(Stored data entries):
-=-=-

(* Consider a Bayesian persuasion setting with binary state space $\Theta=\{\theta_1,\theta_2\}$, binary action space $A=\{a_1,a_2\}$, a finite signal space $\Sigma$ with $|\Sigma|\ge 2$, common prior with $p=\Pr_\mu[\theta=\theta_1]$, sender utility $u_S:\Theta\times A\to\mathbb{R}$ and receiver utility $u_R:\Theta\times A\to\mathbb{R}$. Assume the receiver is state-matching: $u_R(\theta_1,a_1)\ge u_R(\theta_1,a_2)$ and $u_R(\theta_2,a_2)\ge u_R(\theta_2,a_1)$; and the sender is action-matching: $u_S(\theta_1,a_1)\ge u_S(\theta_2,a_1)$ and $u_S(\theta_2,a_2)\ge u_S(\theta_1,a_2)$. Let $(\ell,h)$ and $(\ell',h')$ be two feasible constraints, i.e. $\ell\le p\le h$ and $\ell'\le p\le h'$, such that $(\ell,h)$ is more binding than $(\ell',h')$, i.e. $\ell'\le \ell$ and $h\le h'$. Let $\Phi$ and $\Phi'$ be the sets of sender-optimal signaling schemes under the constraints $(\ell,h)$ and $(\ell',h')$ respectively. Let $\varphi\in\Phi$ maximize the receiver's expected utility $\mathbb{E}_{\theta\sim\mu,\sigma\sim\varphi(\theta),a\sim\pi_\varphi(\sigma)}[u_R(\theta,a)]$ over $\Phi$, and let $\varphi'\in\Phi'$ maximize the receiver's expected utility $\mathbb{E}_{\theta\sim\mu,\sigma\sim\varphi'(\theta),a\sim\pi_{\varphi'}(\sigma)}[u_R(\theta,a)]$ over $\Phi'$. Then $$\mathbb{E}_{\theta\sim\mu,\sigma\sim\varphi(\theta),a\sim\pi_\varphi(\sigma)}[u_R(\theta,a)]\ \ge\ \mathbb{E}_{\theta\sim\mu,\sigma\sim\varphi'(\theta),a\sim\pi_{\varphi'}(\sigma)}[u_R(\theta,a)].$$
   Context: The sender commits to a signaling scheme $\varphi:\Theta\to\Delta(\Sigma)$ before observing the state $\theta\sim\mu$, then sends $\sigma\sim\varphi(\theta)$. The receiver observes $\sigma$ and chooses an action via a (possibly randomized) strategy $\pi:\Sigma\to\Delta(A)$. A constraint $(\ell,h)$ with $0\le\ell\le h\le 1$ requires that the overall probability (over the randomness of the state, the sender's signal and the receiver's randomization) that the receiver plays $a_1$ lies in $[\ell,h]$, i.e. $\ell\le \Pr_{\mu,\varphi,\pi}[\pi(\varphi(\theta))=a_1]\le h$. Under a constraint, the receiver's best response $\pi_\varphi$ to $\varphi$ is a strategy satisfying the constraint that maximizes her expected utility $\mathbb{E}[u_R(\theta,a)]$ among all strategies satisfying the constraint, with ties broken in favor of the sender. A signaling scheme is sender-optimal under a constraint if it maximizes the sender's expected utility $\mathbb{E}_{\theta\sim\mu,\sigma\sim\varphi(\theta),a\sim\pi_\varphi(\sigma)}[u_S(\theta,a)]$ given that the receiver plays her constrained best response. *)

theory Defs
  imports Complex_Main
begin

-=-=-

(Task details): Set down each record again, exactly as written.

(Worked solution):
(* Consider a Bayesian persuasion setting with binary state space $\Theta=\{\theta_1,\theta_2\}$, binary action space $A=\{a_1,a_2\}$, a finite signal space $\Sigma$ with $|\Sigma|\ge 2$, common prior with $p=\Pr_\mu[\theta=\theta_1]$, sender utility $u_S:\Theta\times A\to\mathbb{R}$ and receiver utility $u_R:\Theta\times A\to\mathbb{R}$. Assume the receiver is state-matching: $u_R(\theta_1,a_1)\ge u_R(\theta_1,a_2)$ and $u_R(\theta_2,a_2)\ge u_R(\theta_2,a_1)$; and the sender is action-matching: $u_S(\theta_1,a_1)\ge u_S(\theta_2,a_1)$ and $u_S(\theta_2,a_2)\ge u_S(\theta_1,a_2)$. Let $(\ell,h)$ and $(\ell',h')$ be two feasible constraints, i.e. $\ell\le p\le h$ and $\ell'\le p\le h'$, such that $(\ell,h)$ is more binding than $(\ell',h')$, i.e. $\ell'\le \ell$ and $h\le h'$. Let $\Phi$ and $\Phi'$ be the sets of sender-optimal signaling schemes under the constraints $(\ell,h)$ and $(\ell',h')$ respectively. Let $\varphi\in\Phi$ maximize the receiver's expected utility $\mathbb{E}_{\theta\sim\mu,\sigma\sim\varphi(\theta),a\sim\pi_\varphi(\sigma)}[u_R(\theta,a)]$ over $\Phi$, and let $\varphi'\in\Phi'$ maximize the receiver's expected utility $\mathbb{E}_{\theta\sim\mu,\sigma\sim\varphi'(\theta),a\sim\pi_{\varphi'}(\sigma)}[u_R(\theta,a)]$ over $\Phi'$. Then $$\mathbb{E}_{\theta\sim\mu,\sigma\sim\varphi(\theta),a\sim\pi_\varphi(\sigma)}[u_R(\theta,a)]\ \ge\ \mathbb{E}_{\theta\sim\mu,\sigma\sim\varphi'(\theta),a\sim\pi_{\varphi'}(\sigma)}[u_R(\theta,a)].$$
   Context: The sender commits to a signaling scheme $\varphi:\Theta\to\Delta(\Sigma)$ before observing the state $\theta\sim\mu$, then sends $\sigma\sim\varphi(\theta)$. The receiver observes $\sigma$ and chooses an action via a (possibly randomized) strategy $\pi:\Sigma\to\Delta(A)$. A constraint $(\ell,h)$ with $0\le\ell\le h\le 1$ requires that the overall probability (over the randomness of the state, the sender's signal and the receiver's randomization) that the receiver plays $a_1$ lies in $[\ell,h]$, i.e. $\ell\le \Pr_{\mu,\varphi,\pi}[\pi(\varphi(\theta))=a_1]\le h$. Under a constraint, the receiver's best response $\pi_\varphi$ to $\varphi$ is a strategy satisfying the constraint that maximizes her expected utility $\mathbb{E}[u_R(\theta,a)]$ among all strategies satisfying the constraint, with ties broken in favor of the sender. A signaling scheme is sender-optimal under a constraint if it maximizes the sender's expected utility $\mathbb{E}_{\theta\sim\mu,\sigma\sim\varphi(\theta),a\sim\pi_\varphi(\sigma)}[u_S(\theta,a)]$ given that the receiver plays her constrained best response. *)

theory Defs
  imports Complex_Main
begin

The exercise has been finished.